[Stored data]

(* Suppose Assumption (A1) holds, and let $\{x_k\}_{k\in\mathbb N}$, $\{y_k\}_{k\in\mathbb N}$, $\{u_k\}_{k\in\mathbb N}$ be generated by Algorithm NFBHF-M from arbitrary $x_0,u_0\in\mathcal H$. Then for every $x^*\in\operatorname{zer}(A+B+C)$ and every integer $k\ge 1$, $$\Phi_{k+1}(x^* )\le \Phi_k(x^* )-\Big(1-L_{k-1}-L_k-2\gamma_kL_k\mu-\gamma_k^2\mu^2-\frac{\gamma_k\beta}{2}\Big)\|y_k-x_k\|_S^2 .$$
   Context: $\mathcal H$ is a real Hilbert space. $\mathcal P(\mathcal H)$ denotes the set of bounded linear operators $S:\mathcal H\to\mathcal H$ that are self-adjoint and strongly positive ($\langle Sx,x\rangle\ge m\|x\|^2$ for some $m>0$ and all $x$); for such $S$, $S^{-1}\in\mathcal P(\mathcal H)$, $\langle x,y\rangle_S:=\langle Sx,y\rangle$ and $\|x\|_S:=\sqrt{\langle Sx,x\rangle}$. For $S\in\mathcal P(\mathcal H)$, a single-valued $T:\mathcal H\to\mathcal H$ is $L$-Lipschitz continuous w.r.t. $S$ if $\|Tx-Ty\|_{S^{-1}}\le L\|x-y\|_S$ for all $x,y$, and is $\beta^{-1}$-cocoercive w.r.t. $S$ ($\beta>0$) if $\langle Tx-Ty,x-y\rangle\ge \beta^{-1}\|Tx-Ty\|_{S^{-1}}^2$ for all $x,y$. $\operatorname{zer}(A+B+C)=\{x\in\mathcal H: 0\in Ax+Bx+Cx\}$. Assumption (A1): fix $S\in\mathcal P(\mathcal H)$. (i) $A:\mathcal H\to2^{\mathcal H}$ is maximally monotone; (ii) $B:\mathcal H\to\mathcal H$ is single-valued, monotone and $\mu$-Lipschitz continuous w.r.t. $S$ ($\mu\ge0$); (iii) $C:\mathcal H\to\mathcal H$ is $\beta^{-1}$-cocoercive w.r.t. $S$ for some $\beta>0$; (iv) $\operatorname{zer}(A+B+C)\neq\emptyset$; (v) there is $\gamma>0$ and, for each $k\in\mathbb N$, a step-size $\gamma_k\ge\gamma$, a constant $L_k\in[0,1)$ and a (possibly nonlinear) operator $M_k:\mathcal H\to\mathcal H$ such that $\gamma_kM_k-S$ is $L_k$-Lipschitz continuous w.r.t. $S$. (Under (v), $M_k$ is maximally monotone and strongly monotone, so $(M_k+A)^{-1}$ is single-valued with full domain.) Algorithm NFBHF-M (nonlinear forward–backward–half forward with momentum): given $x_0,u_0\in\mathcal H$, for $k=0,1,2,\dots$ $$y_k=(M_k+A)^{-1}\big(M_kx_k-(B+C)x_k+\gamma_k^{-1}u_k\big),\quad x_{k+1}=y_k-\gamma_kS^{-1}By_k+\gamma_kS^{-1}Bx_k,\quad u_{k+1}=(\gamma_kM_k-S)y_k-(\gamma_kM_k-S)x_k.$$ For $x\in\mathcal H$ and $k\ge1$, $\Phi_k(x):=\|x_k-x\|_S^2+2\langle u_k,x_k-x\rangle+L_{k-1}\|y_{k-1}-x_{k-1}\|_S^2$. *)

theory Defs
  imports "HOL-Analysis.Analysis"
begin

definition pos_op :: "('a::real_inner \<Rightarrow> 'a) \<Rightarrow> bool" where
  "pos_op S \<longleftrightarrow> bounded_linear S \<and> (\<forall>x y. inner (S x) y = inner x (S y))
     \<and> (\<exists>m>0. \<forall>x. inner (S x) x \<ge> m * (norm x)\<^sup>2)"

definition normS :: "('a::real_inner \<Rightarrow> 'a) \<Rightarrow> 'a \<Rightarrow> real" where
  "normS S x = sqrt (inner (S x) x)"

definition lipschitz_wrt :: "('a::real_inner \<Rightarrow> 'a) \<Rightarrow> real \<Rightarrow> ('a \<Rightarrow> 'a) \<Rightarrow> bool" where
  "lipschitz_wrt S L T \<longleftrightarrow> (\<forall>x y. normS (inv S) (T x - T y) \<le> L * normS S (x - y))"

definition cocoercive_wrt :: "('a::real_inner \<Rightarrow> 'a) \<Rightarrow> real \<Rightarrow> ('a \<Rightarrow> 'a) \<Rightarrow> bool" where
  "cocoercive_wrt S \<beta> T \<longleftrightarrow>
     (\<forall>x y. inner (T x - T y) (x - y) \<ge> (1 / \<beta>) * (normS (inv S) (T x - T y))\<^sup>2)"

definition monotone_op :: "('a::real_inner \<Rightarrow> 'a set) \<Rightarrow> bool" where
  "monotone_op A \<longleftrightarrow> (\<forall>x y u v. u \<in> A x \<longrightarrow> v \<in> A y \<longrightarrow> inner (u - v) (x - y) \<ge> 0)"

definition maximal_monotone :: "('a::real_inner \<Rightarrow> 'a set) \<Rightarrow> bool" where
  "maximal_monotone A \<longleftrightarrow> monotone_op A \<and>
     (\<forall>x u. (\<forall>y v. v \<in> A y \<longrightarrow> inner (u - v) (x - y) \<ge> 0) \<longrightarrow> u \<in> A x)"

definition monotone_single :: "('a::real_inner \<Rightarrow> 'a) \<Rightarrow> bool" where
  "monotone_single B \<longleftrightarrow> (\<forall>x y. inner (B x - B y) (x - y) \<ge> 0)"
(* Let $(u,K)$ be a Griffith almost-minimizer in $\Omega$ with gauge $h$, and let $x_0\in K$, $r_0>0$ with $B(x_0,r_0)\subset\Omega$. Suppose that $\beta_K(x_0,r_0)\le\tau/10$ and that $E$ is a minimal separating extension of $K$ in $B(x_0,r_0)$, and let $\sigma$ be the stopping time function defined with respect to $E$. Then for each $x\in K\cap B(x_0,9r_0/10)$ and $t\in(\sigma(x),r_0/10]$ we have $$\beta_K(x,t)\le\tau\quad\text{and}\quad\beta_E(x,t)\le4\tau.$$
   Context: Let $\Omega\subset\mathbb{R}^2$ be open and fix a linear map $\mathbb{C}:\mathbb{R}^{2\times2}\to\mathbb{R}^{2\times2}_{\rm sym}$ with $\mathbb{C}(\xi-\xi^T)=0$ and $\mathbb{C}\xi:\xi\ge c_0|\xi+\xi^T|^2$ for all $\xi$, some $c_0>0$. $e(u)=(\nabla u+\nabla u^T)/2$; $B(x,r)$ open ball. Admissible pair: $K\subset\Omega$ relatively closed, $u\in W^{1,2}_{\rm loc}(\Omega\setminus K;\mathbb{R}^2)$. For $\overline{B(x,r)}\subset\Omega$, a competitor in $B(x,r)$ is an admissible $(v,L)$ with $L\setminus B(x,r)=K\setminus B(x,r)$, $v=u$ a.e. in $\Omega\setminus(K\cup B(x,r))$. Gauge: non-decreasing $h:(0,\infty)\to[0,\infty]$, $h(0^+)=0$. Coral: $\mathcal{H}^1(K\cap B(x,r))>0$ for $x\in K$, $r>0$. A Griffith almost-minimizer with gauge $h$ is an admissible coral pair of locally finite energy with $\int_{B(x,r)\setminus K}\mathbb{C}e(u):e(u)+\mathcal{H}^1(K\cap B(x,r))\le\int_{B(x,r)\setminus L}\mathbb{C}e(v):e(v)+\mathcal{H}^1(L\cap B(x,r))+h(r)r$ for all $\overline{B(x,r)}\subset\Omega$ and competitors $(v,L)$. Flatness: for $F\ni x$, $\beta_F(x,r)=r^{-1}\inf_\ell\sup_{y\in F\cap B(x,r)}\mathrm{dist}(y,\ell)$ over lines through $x$; $\nu$ unit normal of a minimizing line, $D^\pm_t(x,r)=\{z\in B(x,r):\pm(z-x)\cdot\nu>t\}$. $F$ separates $B(x,r)$ if $\beta:=\beta_F(x,r)\le1/2$ and $D^\pm_{\beta r}(x,r)$ lie in distinct connected components of $B(x,r)\setminus F$. A separating extension of $K$ in $B(x_0,r_0)$ is a relatively closed coral $E\subset B(x_0,r_0)$ with $K\cap B(x_0,r_0)\subset E$, $\beta_E(x_0,r_0)=\beta_K(x_0,r_0)$, $E$ separating $B(x_0,r_0)$; a minimal separating extension minimizes $\mathcal{H}^1(E\setminus K)$ among them. Stopping time: $\tau=10^{-10}$. For $x\in K\cap B(x_0,9r_0/10)$ and $t\in(0,r_0/10)$, $B(x,t)$ is a good ball if $\beta_K(x,t)\le\tau$ and $t^{-1}\mathcal{H}^1((E\cap B(x,t))\setminus K)\le\tau$; $\sigma(x)=\inf\{r>0: B(x,t)\text{ is good for all }t\in[r,r_0/10]\}$. *)

theory Defs
  imports "HOL-Analysis.Analysis"
begin

type_synonym pt = "real^2"
type_synonym mat2 = "real^2^2"

definition H1_delta :: "real \<Rightarrow> pt set \<Rightarrow> ennreal" where
  "H1_delta \<delta> A = (INF C \<in> {C :: nat \<Rightarrow> pt set. A \<subseteq> (\<Union>i. C i) \<and>
       (\<forall>i. bounded (C i) \<and> diameter (C i) \<le> \<delta>)}. (\<Sum>i. ennreal (diameter (C i))))"

definition H1 :: "pt set \<Rightarrow> ennreal" where
  "H1 A = (SUP \<delta> \<in> {0<..}. H1_delta \<delta> A)"

definition loc_L2 :: "pt set \<Rightarrow> (pt \<Rightarrow> 'b::euclidean_space) \<Rightarrow> bool" where
  "loc_L2 U f \<longleftrightarrow> set_borel_measurable lebesgue U f \<and>
     (\<forall>S. compact S \<and> S \<subseteq> U \<longrightarrow> set_integrable lebesgue S (\<lambda>z. (norm (f z))\<^sup>2))"

definition pderiv_j :: "(pt \<Rightarrow> real) \<Rightarrow> 2 \<Rightarrow> pt \<Rightarrow> real" where
  "pderiv_j \<phi> j z = frechet_derivative \<phi> (at z) (axis j 1)"

definition test_fun :: "pt set \<Rightarrow> (pt \<Rightarrow> real) \<Rightarrow> bool" where
  "test_fun U \<phi> \<longleftrightarrow> (\<forall>z. \<phi> differentiable (at z)) \<and>
     (\<forall>j. continuous_on UNIV (pderiv_j \<phi> j)) \<and>
     compact (closure {z. \<phi> z \<noteq> 0}) \<and> closure {z. \<phi> z \<noteq> 0} \<subseteq> U"

text \<open>G z $ i $ j is the weak partial derivative of the i-th component w.r.t. x_j.\<close>
definition is_weak_grad :: "pt set \<Rightarrow> (pt \<Rightarrow> pt) \<Rightarrow> (pt \<Rightarrow> mat2) \<Rightarrow> bool" where
  "is_weak_grad U u G \<longleftrightarrow> loc_L2 U u \<and> loc_L2 U G \<and>
     (\<forall>\<phi>. test_fun U \<phi> \<longrightarrow> (\<forall>i j.
        (\<integral>z. u z $ i * pderiv_j \<phi> j z \<partial>lebesgue) = - (\<integral>z. G z $ i $ j * \<phi> z \<partial>lebesgue)))"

◆ **WORK TASK**: For each line above that includes the word "lebesgue", make a copy of that line.

◆ **REPLY TO THE TASK**:
  "loc_L2 U f \<longleftrightarrow> set_borel_measurable lebesgue U f \<and>
     (\<forall>S. compact S \<and> S \<subseteq> U \<longrightarrow> set_integrable lebesgue S (\<lambda>z. (norm (f z))\<^sup>2))"
        (\<integral>z. u z $ i * pderiv_j \<phi> j z \<partial>lebesgue) = - (\<integral>z. G z $ i $ j * \<phi> z \<partial>lebesgue)))"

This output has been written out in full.